The best bet may be the few bars that keep a bottle in back.

“Unfortunately, we’ve had to charge a lot of money for it,” said Will Alphin, co-owner of Foundation, a cozy den of a basement bar on Fayetteville Street.

“We literally sit there and say, ‘What are we going to charge to keep it on the shelf for a month?’ ” he said. “What’s the price that’s so painful?”

For the 20-year-old bottle now on the shelf, it’s about $70 an ounce, or $105 for the 1.5-ounce shot that North Carolina law permits. At that rate, a fifth would bring in close to $1,800.

The price has been painful enough to keep the bottle on the shelf for three weeks so far, and perhaps three weeks more. After that, it may be months more before another arrives. The longer Foundation can hold on to Pappy, the better.

“In some fashion, it’s a little bit of a bragging right to have it,” Alphin said. “We consider ourselves a serious kind of whiskey and bourbon bar. We have a good collection, and we want it to be well-rounded. So having a bottle of Pappy on our shelf is good for our reputation.”

Rarity drives demand

All this brings a question to mind: Are Pappy’s sweet, smooth notes of vanilla and spice worth the astronomical price?

Brigman, the liquor list keeper, waited her turn for a 12-year vintage a couple years ago, hoping to figure out the hubbub.

“I like mine just neat. My husband and I poured each a little cup,” she said, recalling her first sip.

“It was OK, but to be honest, I prefer the Elijah Craig that you can get every single day. … The price wasn’t all that fantastic.”

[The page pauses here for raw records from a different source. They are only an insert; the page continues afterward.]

lemma derivable_Neg_ImpI:
  assumes "derivable S W A" "derivable S W (Neg B)" "fv A \<subseteq> W" "fv B \<subseteq> W"
  shows "derivable S W (Neg (Imp A B))"
proof (rule derivable_ImpI)
  let ?S = "insert (Imp A B) S"
  have "derivable ?S W B"
    by (rule derivable_ImpE[OF derivable_Assm derivable_insert[OF assms(1)]]) simp
  then show "derivable ?S W FBot"
    by (rule derivable_ImpE[OF derivable_insert[OF assms(2)]])
qed (use assms(3,4) in auto)

lemma derivable_conj_listI:
  "(\<And>A. A \<in> set As \<Longrightarrow> derivable S W A) \<Longrightarrow> derivable S W (conj_list As)"
  by (induction As rule: conj_list.induct) (auto intro: derivable_AndI derivable_FTop)

lemma derivable_conj_listD:
  "derivable S W (conj_list As) \<Longrightarrow> A \<in> set As \<Longrightarrow> derivable S W A"
  by (induction As rule: conj_list.induct) (auto dest: derivable_AndE1 derivable_AndE2)

lemma derivable_disj_listI:
  "A \<in> set As \<Longrightarrow> derivable S W A \<Longrightarrow> derivable S W (disj_list As)"
  by (induction As rule: disj_list.induct) (auto intro: derivable_OrI1 derivable_OrI2)

lemma derivable_disj_listE:
  assumes "derivable S W (disj_list As)"
    and "\<And>A. A \<in> set As \<Longrightarrow> derivable (insert A S) W C"
    and "\<And>A. A \<in> set As \<Longrightarrow> fv A \<subseteq> W"
  shows "derivable S W C"
  using assms
proof (induction As arbitrary: S rule: disj_list.induct)
  case 1
  then show ?case
    by (auto intro: derivable_BotE)
next
  case (2 A)
  then show ?case
    by (auto intro: derivable_ImpE[OF derivable_ImpI])
next
  case (3 A B As)
  let ?D = "disj_list (B # As)"
  have "derivable (insert ?D S) W C"
  proof (rule "3.IH")
    show "derivable (insert ?D S) W ?D"
      by (rule derivable_Assm) simp
  next
    fix A' assume "A' \<in> set (B # As)"
    then show "derivable (insert A' (insert ?D S)) W C" "fv A' \<subseteq> W"
      using derivable_insert[OF "3.prems"(2)] "3.prems"(3) by (auto simp: insert_commute)
  qed
  moreover have "derivable S W (Or A ?D)"
    using "3.prems"(1) by simp
  moreover have "derivable (insert A S) W C" "fv A \<subseteq> W" "fv ?D \<subseteq> W"
    using "3.prems"(2,3) fv_disj_list[of "B # As"] by fastforce+
  ultimately show ?case
    by (meson derivable_OrE)
qed

lemma derivable_disj_list_em:
  assumes "\<And>A S. A \<in> set As \<Longrightarrow> derivable S W (Or A (Neg A))"
    and "\<And>A. A \<in> set As \<Longrightarrow> fv A \<subseteq> W"
  shows "derivable S W (Or (disj_list As) (Neg (disj_list As)))"
  using assms
proof (induction As arbitrary: S rule: disj_list.induct)
  case 1
  show ?case
    by (rule derivable_OrI2, rule derivable_ImpI) (auto intro: derivable_Assm)
next
  case (2 A)
  then show ?case
    by simp
next
  case (3 A B As)
  let ?D = "disj_list (B # As)"
  let ?goal = "Or (Or A ?D) (Neg (Or A ?D))"
  have fv_AD: "fv A \<subseteq> W" "fv ?D \<subseteq> W"
    using fv_disj_list[of "B # As"] "3.prems"(2) by fastforce+
  have "derivable (insert (Neg A) S) W ?goal"
  proof (rule derivable_OrE[OF "3.IH"])
    show "derivable (insert ?D (insert (Neg A) S)) W ?goal"
      by (rule derivable_OrI1, rule derivable_OrI2, rule derivable_Assm) simp
    show "derivable (insert (Neg ?D) (insert (Neg A) S)) W ?goal"
      by (rule derivable_OrI2, rule derivable_Neg_OrI) (use fv_AD in \<open>auto intro: derivable_Assm\<close>)
  qed (use "3.prems" fv_AD in auto)
  moreover have "derivable (insert A S) W ?goal"
    by (rule derivable_OrI1, rule derivable_OrI1, rule derivable_Assm) simp
  moreover have "derivable S W (Or A (Neg A))"
    using "3.prems"(1) by simp
  ultimately show ?case
    using fv_AD(1) derivable_OrE[of S W A "Neg A" ?goal] by simp
qed
(* Let $(V,\mathcal H,\iota,W)$ be an abelian functional theory with set of weights $\Omega$, and let $\rho\in\mathrm{conv}(\Omega)$. If $\rho$ is pure-state $v$-representable and does not lie in the convex hull of any $\dim\mathrm{conv}(\Omega)$ weights, then $\rho$ is uniquely $v$-representable.
   Context: A generalized functional theory is a tuple $(V,\mathcal H,\iota,W)$ with $V$ a finite-dimensional real vector space, $\mathcal H$ a finite-dimensional complex Hilbert space, $\iota:V\to i\mathfrak u(\mathcal H)$ linear into the Hermitian operators, $W$ Hermitian; it is abelian if all $\iota(v)$ commute. States are linear functionals via the trace, $\iota^*$ is the dual map. A weight is $\alpha\in V^*$ such that some nonzero $\psi$ satisfies $\iota(v)\psi=\langle\alpha,v\rangle\psi$ for all $v$; $\Omega$ is the set of weights. $\mathbf G_p(v)$ is the set of pure ground states of $\iota(v)+W$. $\rho$ is pure-state $v$-representable if $\rho\in\iota^*(\mathbf G_p(v))$ for some $v$, and uniquely $v$-representable if moreover every $v'$ with $\rho\in\iota^*(\mathbf G_p(v'))$ satisfies $\iota(v')-\iota(v)\propto\mathbb 1$. *)

theory Defs
  imports "HOL-Analysis.Analysis"
begin

text \<open>V is modelled as a Euclidean
space 'v; the dual space V* is identified with 'v via the inner product,
so a functional alpha acts as v \<mapsto> alpha \<bullet> v.\<close>

definition cinner :: "complex^'n \<Rightarrow> complex^'n \<Rightarrow> complex" where
  "cinner x y = (\<Sum>i\<in>UNIV. cnj (x$i) * y$i)"

definition hermitian :: "complex^'n^'n \<Rightarrow> bool" where
  "hermitian A \<longleftrightarrow> (\<forall>i j. A$i$j = cnj (A$j$i))"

Alphin, the Foundation founder, said the liquor’s popularity is a result of media attention and rarity.

“It’s a really good whiskey. It may not be the very best,” he said. “I think it lives up to its bottle price at the ABC store. I don’t know if it lives up to what people are selling it for on the Internet.”

It’s at least a good way to get people interested in the world of whiskey, he said, though some sippers scoff at its popularity.

Joe Kwon, cellist for The Avett Brothers, has probably had as much Pappy as anybody in the Triangle. He’s friends with Julian Van Winkle, the grandson of “Pappy” and current owner of the brand.

“That’s a convenient turn of events on my behalf, for my obsession with bourbon,” said Kwon, a new arrival to downtown Raleigh.

Kwon likes to keep a Pappy flask of Pappy on hand during some nights out, using it as a bribe to enter kitchens at his favorite restaurants.

His friendship with Van Winkle has spared him the trials and travails, and given him a unique perspective.

“They’ve always just been presented to me as fine bourbon, rather than as extremely rare, extremely expensive,” he said.

“If you take the hype away, and you judge it for what it is, that’s what it can truly be what it’s intended to be.”

But that’s no comfort if you can’t find a drop.